Dataset Preparation¶
This section compiles a few patterns that can be used to load data from a tabular file as preparation for modeling in pybmds
.
Processing long datasets¶
If you have several dose-response datasets, you can run them as a batch. As an example, consider a CSV or Excel file of dichotomous datasets that looks something like this, with one row per dose group:
ID |
Dose |
Incidence |
N |
---|---|---|---|
1 |
0 |
0 |
5 |
1 |
0.5 |
3 |
5 |
1 |
1 |
5 |
5 |
2 |
0 |
0 |
5 |
2 |
0.33 |
0 |
5 |
2 |
0.67 |
4 |
5 |
2 |
1 |
5 |
5 |
3 |
0 |
0 |
5 |
3 |
0.25 |
0 |
5 |
3 |
0.5 |
3 |
5 |
3 |
1 |
5 |
5 |
You can start by loading the data into a pandas dataframe.
import pandas as pd
# if it's a CSV file
df = pd.read_csv('./dataset.csv')
# if it's an XLSX file:
df = pd.read_excel('./dataset.xlsx', sheet_name='datasets')

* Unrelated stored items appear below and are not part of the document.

definition Bad :: "real set" where
  "Bad = {\<alpha>. (INF q\<in>{1::nat..}. real q * dist_nint (real q * \<alpha>)) > 0}"

end

theory Submission
  imports Defs
begin

text \<open>
  If \<open>m\<^sub>p(\<alpha>) = 0\<close>, there are approximations \<open>u |n \<alpha> - r| < \<epsilon>\<close> with \<open>n = p\<^sup>k u\<close>, \<open>p \<nmid> u\<close> and
  \<open>gcd(n, r) = 1\<close>. As \<open>\<alpha>\<close> is badly approximable, \<open>k > M\<close> once \<open>\<epsilon>\<close> is small, and then
  \<open>Q = p\<^sup>M u\<close> approximates \<open>\<beta> = p\<^sup>k\<^sup>-\<^sup>M \<alpha>\<close> so well that by Legendre's theorem it is a convergent
  denominator of \<open>\<beta>\<close>; being divisible by \<open>p\<^sup>M\<close>, it shows that \<open>\<beta>\<close> is no infinite loop mod \<open>p\<^sup>M\<close>.
  Conversely, if \<open>m\<^sub>p(\<alpha>) = c > 0\<close> and a semi-convergent denominator \<open>q = m q\<^sub>k\<^sub>+\<^sub>1 + q\<^sub>k\<close> of
  \<open>p\<^sup>l \<alpha>\<close> is divisible by \<open>p\<^sup>M\<close>, the approximations with denominators \<open>p\<^sup>l q\<^sub>k\<^sub>+\<^sub>1\<close> and \<open>p\<^sup>l q\<close>
  give \<open>c \<le> q\<^sub>k\<^sub>+\<^sub>1/q\<^sub>k\<^sub>+\<^sub>2\<close> and \<open>c \<le> q\<^sub>k\<^sub>+\<^sub>2/(p\<^sup>M q\<^sub>k\<^sub>+\<^sub>1)\<close>, whence \<open>p\<^sup>M c\<^sup>2 \<le> 1\<close>; so for large \<open>M\<close>
  every \<open>p\<^sup>l \<alpha>\<close> is an infinite loop mod \<open>p\<^sup>M\<close>.
\<close>
lemma abs_add_same_sign:
  fixes x y :: real
  assumes "x * y \<ge> 0"
  shows "\<bar>x + y\<bar> = \<bar>x\<bar> + \<bar>y\<bar>"
  using assms by (cases "x \<ge> 0"; cases "y \<ge> 0") (auto simp: mult_le_0_iff zero_le_mult_iff)

lemma weighted_mean_between:
  fixes u v w1 w2 :: real
  assumes "w1 \<ge> 0" "w2 \<ge> 0" "w1 + w2 > 0"
  shows "min u v \<le> (w1 * u + w2 * v) / (w1 + w2) \<and> (w1 * u + w2 * v) / (w1 + w2) \<le> max u v"
proof -
  have "w1 * min u v + w2 * min u v \<le> w1 * u + w2 * v"
    using assms by (intro add_mono mult_left_mono) auto
  moreover have "w1 * u + w2 * v \<le> w1 * max u v + w2 * max u v"
    using assms by (intro add_mono mult_left_mono) auto
  ultimately show ?thesis using assms by (simp add: field_simps)
qed

definition cf_conv :: "(nat \<Rightarrow> int) \<Rightarrow> nat \<Rightarrow> real" where
  "cf_conv a i = real_of_int (cf_p a i) / real_of_int (cf_q a i)"

definition cf_dev :: "(nat \<Rightarrow> int) \<Rightarrow> real \<Rightarrow> nat \<Rightarrow> real" where
  "cf_dev a x i = real_of_int (cf_q a i) * x - real_of_int (cf_p a i)"

lemma cf_expansion_infinite_iff:
  "cf_expansion x a \<infinity> \<longleftrightarrow> (\<forall>i\<ge>1. a i \<ge> 1) \<and> (\<lambda>k. cf_conv a (Suc k)) \<longlonglongrightarrow> x"
  by (simp add: cf_expansion_def cf_conv_def)

lemma cf_expansion_irrational_infinite:
  assumes "cf_expansion x a L" and "x \<notin> \<rat>"
  shows "L = \<infinity>"
proof (rule ccontr)
  assume "L \<noteq> \<infinity>"
  then have "x = real_of_int (cf_p a (Suc (the_enat L))) / real_of_int (cf_q a (Suc (the_enat L)))"
    using assms(1) by (simp add: cf_expansion_def)
  then show False using assms(2) by simp
qed

lemma cf_det: "cf_p a (Suc i) * cf_q a i - cf_p a i * cf_q a (Suc i) = (-1) ^ Suc i"
proof (induction i)
  case (Suc i)
  have "cf_p a (Suc (Suc i)) * cf_q a (Suc i) - cf_p a (Suc i) * cf_q a (Suc (Suc i))
      = - (cf_p a (Suc i) * cf_q a i - cf_p a i * cf_q a (Suc i))"
    by (simp add: algebra_simps)
  with Suc show ?case by simp
qed simp

lemma cf_dev_Suc_Suc:
  "cf_dev a x (Suc (Suc i)) = real_of_int (a (Suc i)) * cf_dev a x (Suc i) + cf_dev a x i"
  by (simp add: cf_dev_def algebra_simps)

lemma cf_dev_det:
  "cf_dev a x i * real_of_int (cf_q a (Suc i)) - cf_dev a x (Suc i) * real_of_int (cf_q a i)
     = (-1) ^ Suc i"
proof -
  have "cf_dev a x i * real_of_int (cf_q a (Suc i)) - cf_dev a x (Suc i) * real_of_int (cf_q a i)
      = real_of_int (cf_p a (Suc i) * cf_q a i - cf_p a i * cf_q a (Suc i))"
    by (simp add: cf_dev_def algebra_simps)
  then show ?thesis by (simp only: cf_det) simp
qed

context
  fixes a :: "nat \<Rightarrow> int"
  assumes pos: "\<And>i. 1 \<le> i \<Longrightarrow> a i \<ge> 1"
begin

lemma cf_q_bounds: "0 \<le> cf_q a i \<and> cf_q a i \<le> cf_q a (Suc i) \<and> 1 \<le> cf_q a (Suc i)"
proof (induction i)
  case (Suc i)
  have "cf_q a (Suc i) \<le> a (Suc i) * cf_q a (Suc i)"
    using Suc pos[of "Suc i"] mult_right_mono[of 1 "a (Suc i)" "cf_q a (Suc i)"] by simp
  with Suc show ?case by (simp only: cf_q.simps) linarith
qed simp

lemma cf_q_nonneg: "0 \<le> cf_q a i"
  using cf_q_bounds by blast

lemma cf_q_le_Suc: "cf_q a i \<le> cf_q a (Suc i)"
  using cf_q_bounds by blast

lemma cf_q_pos: "1 \<le> i \<Longrightarrow> 1 \<le> cf_q a i"
  using cf_q_bounds[of "i - 1"] by simp

lemma cf_q_ge_half_index: "int n \<le> 2 * cf_q a n"
proof (induction n rule: nat_less_induct)
  case (1 n)
  show ?case
  proof (cases "n \<ge> 2")
    case True
    then obtain j where n: "n = Suc (Suc j)" by (metis add_2_eq_Suc le_Suc_ex)
    have "cf_q a (Suc j) \<le> a (Suc j) * cf_q a (Suc j)"
      using cf_q_nonneg pos[of "Suc j"] mult_right_mono[of 1 "a (Suc j)" "cf_q a (Suc j)"] by simp
    then have "cf_q a (Suc j) + cf_q a j \<le> cf_q a n" by (simp add: n)
    moreover have "1 \<le> cf_q a (Suc j)" using cf_q_pos by simp
    moreover have "int j \<le> 2 * cf_q a j" using 1 n by simp
    ultimately show ?thesis using n by (simp del: cf_q.simps)
  next
    case False
    then consider "n = 0" | "n = 1" by linarith
    then show ?thesis by cases simp_all
  qed
qed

After loading the data from a file, you need to convert dataframe style data into pybmds
datasets:
import pybmds
datasets = []
for id, rows in df.groupby('ID'):
dataset = pybmds.DichotomousDataset(
id=id,
doses=rows.Dose.tolist(),
incidences=rows.Incidence.tolist(),
ns=rows.N.tolist()
)
datasets.append(dataset)
print(len(datasets))
print(datasets[0].tbl())
8
╒════════╤═════════════╤═════╕
│ Dose │ Incidence │ N │
╞════════╪═════════════╪═════╡
│ 0 │ 0 │ 5 │
│ 0.5 │ 3 │ 5 │
│ 1 │ 5 │ 5 │
╘════════╧═════════════╧═════╛
The end result is a list of datsets ready for BMD modeling.
Processing wide datasets¶
Consider a CSV or Excel file of dichotomous datasets that looks something like this (with one row per dataset):
ID |
Dose |
Incidence |
N |
---|---|---|---|
1 |
0;0.5;1 |
0;3;5 |
5;5;5 |
2 |
0;0.33;0.67;1 |
0;0;4;5 |
5;5;5;5 |
3 |
0;0.25;0.5;1 |
0;0;3;5 |
5;5;5;5 |
4 |
0;0.33;0.67;1 |
0;0;1;1 |
5;5;5;5 |
5 |
0;0.25;0.5;1 |
0;0;1;1 |
5;5;5;5 |
6 |
0;0.33;0.67;1 |
0;0;1;1 |
5;5;5;5 |
7 |
0;0.25;0.5;1 |
0;0;1;1 |
5;5;5;5 |
8 |
0;0.25;0.5;0.75;1 |
0;0;1;3;1 |
5;5;5;5;5 |
You can start by loading the data into a pandas dataframe.
import pandas as pd
# if it's a CSV file
df = pd.read_csv('./dataset.csv')
# if it's an XLSX file:
df = pd.read_excel('./dataset.xlsx', sheet_name='datasets')
After loading the data from a file, we’ll need to convert dataframe style data into pybmds
datasets:
import pybmds
def create(row):
return pybmds.DichotomousDataset(
id=row.ID,
doses=list(map(float, row.Dose.split(';'))),
ns=list(map(int, row.N.split(';'))),
incidences=list(map(int, row.Incidence.split(';'))),
)
datasets = df.apply(create, axis=1)
print(len(datasets))
print(datasets[0].tbl())
8
╒════════╤═════════════╤═════╕
│ Dose │ Incidence │ N │
╞════════╪═════════════╪═════╡
│ 0 │ 0 │ 5 │
│ 0.5 │ 3 │ 5 │
│ 1 │ 5 │ 5 │
╘════════╧═════════════╧═════╛
The end result is a list of datasets ready for BMD modeling.